The temple presidents knew, because Prabhupäda warned them about it. He informed them that they were to disregard G.B.C. orders—which meant disregard its former power, which he then took away—but the devotees at large did not know about it. As it turned out, your host speaker was at a center in Madison, Wisconsin which was thriving. It got wrapped up, along with Chicago, Columbus, and Cleveland. Everything was centralized to where that zone’s G.B.C., one of the eight, resided in Detroit.
That the temple presidents knew is one thing, but they did not share the knowledge, including the fact that Prabhupäda suspended the G.B.C. for some length of time, proving in the process that it was anything but absolute. In point of fact, it had become all about control and power in the ISKCON hierarchical pyramid, instead of a genuine Commission meant to advise and enthuse the presidents of the centers. Keep this in mind as we proceed, because it did get worse.

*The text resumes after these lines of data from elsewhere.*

(* Let $n,m,k$ be positive integers, let $X\in\mathbb{C}^{n\times n}$ be Hermitian, let $\Lambda:\mathbb{C}^{n\times n}\to\mathbb{C}^{m\times m}$ be a linear map and $Y\in\mathbb{C}^{m\times m}$. Consider the rank-constrained problem \[ (\mathrm{P})\qquad \max_{\rho\in\mathbb{C}^{n\times n}}\ \operatorname{Tr}(X\rho)\quad\text{s.t.}\quad \Lambda(\rho)=Y,\ \operatorname{Tr}(\rho)=1,\ \rho\ge 0,\ \operatorname{rank}(\rho)\le k . \] Let $\mathcal{H}_A=\mathcal{H}_B=\mathbb{C}^n\otimes\mathbb{C}^k$, let $\widetilde{X}=X\otimes\mathbb{1}_k$, and let $\widetilde{\Lambda}(\cdot)=\Lambda[\operatorname{Tr}_2(\cdot)]$, where $\operatorname{Tr}_2$ is the partial trace over the factor $\mathbb{C}^k$. Then the problem (P) is equivalent to (has the same optimal value as) the conic program \[ (\mathrm{C})\qquad \max_{\Phi_{AB}}\ \operatorname{Tr}\big[(\widetilde{X}_A\otimes\mathbb{1}_B)\Phi_{AB}\big]\quad\text{s.t.}\quad \Phi_{AB}\in\mathrm{SEP},\ \operatorname{Tr}(\Phi_{AB})=1,\ V_{AB}\Phi_{AB}=\Phi_{AB},\ (\widetilde{\Lambda}_A\otimes\mathrm{id}_B)(\Phi_{AB})=Y\otimes\operatorname{Tr}_A(\Phi_{AB}). \]
   Context: $\mathrm{SEP}$ denotes the cone of (unnormalized) separable operators on $\mathcal{H}_A\otimes\mathcal{H}_B$, i.e. the convex hull of $\{M_A\otimes N_B: M_A\ge0,\ N_B\ge 0\}$ with $M_A,N_B$ complex positive semidefinite operators on $\mathcal{H}_A,\mathcal{H}_B$. $V_{AB}$ is the swap operator on $\mathcal{H}_A\otimes\mathcal{H}_B$, $V_{AB}\ket{\psi_1}\ket{\psi_2}=\ket{\psi_2}\ket{\psi_1}$. A subscript $A$ (resp. $B$) indicates that an operator or map acts on $\mathcal{H}_A$ (resp. $\mathcal{H}_B$); $\mathrm{id}_B$ is the identity map on operators on $\mathcal{H}_B$; $\operatorname{Tr}_A$ is the partial trace over $\mathcal{H}_A$, so both sides of the last constraint are operators on $\mathbb{C}^m\otimes\mathcal{H}_B$. *)

theory Defs
  imports "Jordan_Normal_Form.Schur_Decomposition" "Jordan_Normal_Form.DL_Rank"
    "HOL-Library.Extended_Real"
begin

(* Conventions: an operator on C^d is a complex matrix in carrier_mat d d.
   C^a \<otimes> C^b is identified with C^(a*b), basis vector e_i \<otimes> e_j having index i*b + j
   (Kronecker convention). *)

definition mtrace :: "complex mat \<Rightarrow> complex" where
  "mtrace A = (\<Sum>i<dim_row A. A $$ (i, i))"

definition hermitian :: "complex mat \<Rightarrow> bool" where
  "hermitian A \<longleftrightarrow> square_mat A \<and> mat_adjoint A = A"

definition psd :: "nat \<Rightarrow> complex mat \<Rightarrow> bool" where
  "psd d A \<longleftrightarrow> A \<in> carrier_mat d d \<and>
     (\<forall>v \<in> carrier_vec d. let q = (A *\<^sub>v v) \<bullet>c v in Im q = 0 \<and> Re q \<ge> 0)"

definition mrank :: "nat \<Rightarrow> complex mat \<Rightarrow> nat" where
  "mrank d A = vec_space.rank d (A :: complex mat)"

definition kron :: "complex mat \<Rightarrow> complex mat \<Rightarrow> complex mat" where
  "kron A B = mat (dim_row A * dim_row B) (dim_col A * dim_col B)
     (\<lambda>(i, j). A $$ (i div dim_row B, j div dim_col B) * B $$ (i mod dim_row B, j mod dim_col B))"

definition ptrace2 :: "nat \<Rightarrow> nat \<Rightarrow> complex mat \<Rightarrow> complex mat" where
  "ptrace2 a b M = mat a a (\<lambda>(i, j). \<Sum>l<b. M $$ (i * b + l, j * b + l))"

definition ptrace1 :: "nat \<Rightarrow> nat \<Rightarrow> complex mat \<Rightarrow> complex mat" where
  "ptrace1 a b M = mat b b (\<lambda>(i, j). \<Sum>l<a. M $$ (l * b + i, l * b + j))"

definition swap_op :: "nat \<Rightarrow> complex mat" where
  "swap_op d = mat (d * d) (d * d) (\<lambda>(i, j). if i = (j mod d) * d + j div d then 1 else 0)"

definition lin_map_mat :: "nat \<Rightarrow> nat \<Rightarrow> (complex mat \<Rightarrow> complex mat) \<Rightarrow> bool" where
  "lin_map_mat d1 d2 L \<longleftrightarrow>
     (\<forall>A \<in> carrier_mat d1 d1. L A \<in> carrier_mat d2 d2) \<and>
     (\<forall>A \<in> carrier_mat d1 d1. \<forall>B \<in> carrier_mat d1 d1. L (A + B) = L A + L B) \<and>
     (\<forall>c. \<forall>A \<in> carrier_mat d1 d1. L (c \<cdot>\<^sub>m A) = c \<cdot>\<^sub>m L A)"

(* (L \<otimes> id_B) applied to an operator on C^dA \<otimes> C^dB, L : dA x dA \<rightarrow> m x m.
   (L \<otimes> id)(\<Phi>) = \<Sum>_{b,b'} L(\<Phi>_{b b'}) \<otimes> |b><b'|, \<Phi>_{b b'} the blocks of \<Phi>. *)
definition map_tensor_id :: "nat \<Rightarrow> nat \<Rightarrow> nat \<Rightarrow> (complex mat \<Rightarrow> complex mat) \<Rightarrow> complex mat \<Rightarrow> complex mat" where
  "map_tensor_id dA dB m L \<Phi> = mat (m * dB) (m * dB)
     (\<lambda>(i, j). L (mat dA dA (\<lambda>(a, a'). \<Phi> $$ (a * dB + i mod dB, a' * dB + j mod dB)))
               $$ (i div dB, j div dB))"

Another ominous development within the G.B.C. (in the early Seventies after its creation) was the disturbing fact—and again, based upon the individual ambition of some of its members (read, most of them) for power and control—was that some of them ditched their wives and household responsibilities in order to take sannyasa. At least five did so.
By doing that, they now were equal to the preachers while still increasing their bureaucratic and organizational power. Technically, they could say that they were advisors to the presidents and favored them, but practically such was not the case. Can we know this? We can know it beyond a shadow of a doubt. Why? Because, as the movement moved into the horrific year (for ISKCON and its purity) of 1973, the G.B.C. had not informed any of the presidents of their fiduciary duty to rinse and remove G.B.C. members by no later than July of that year.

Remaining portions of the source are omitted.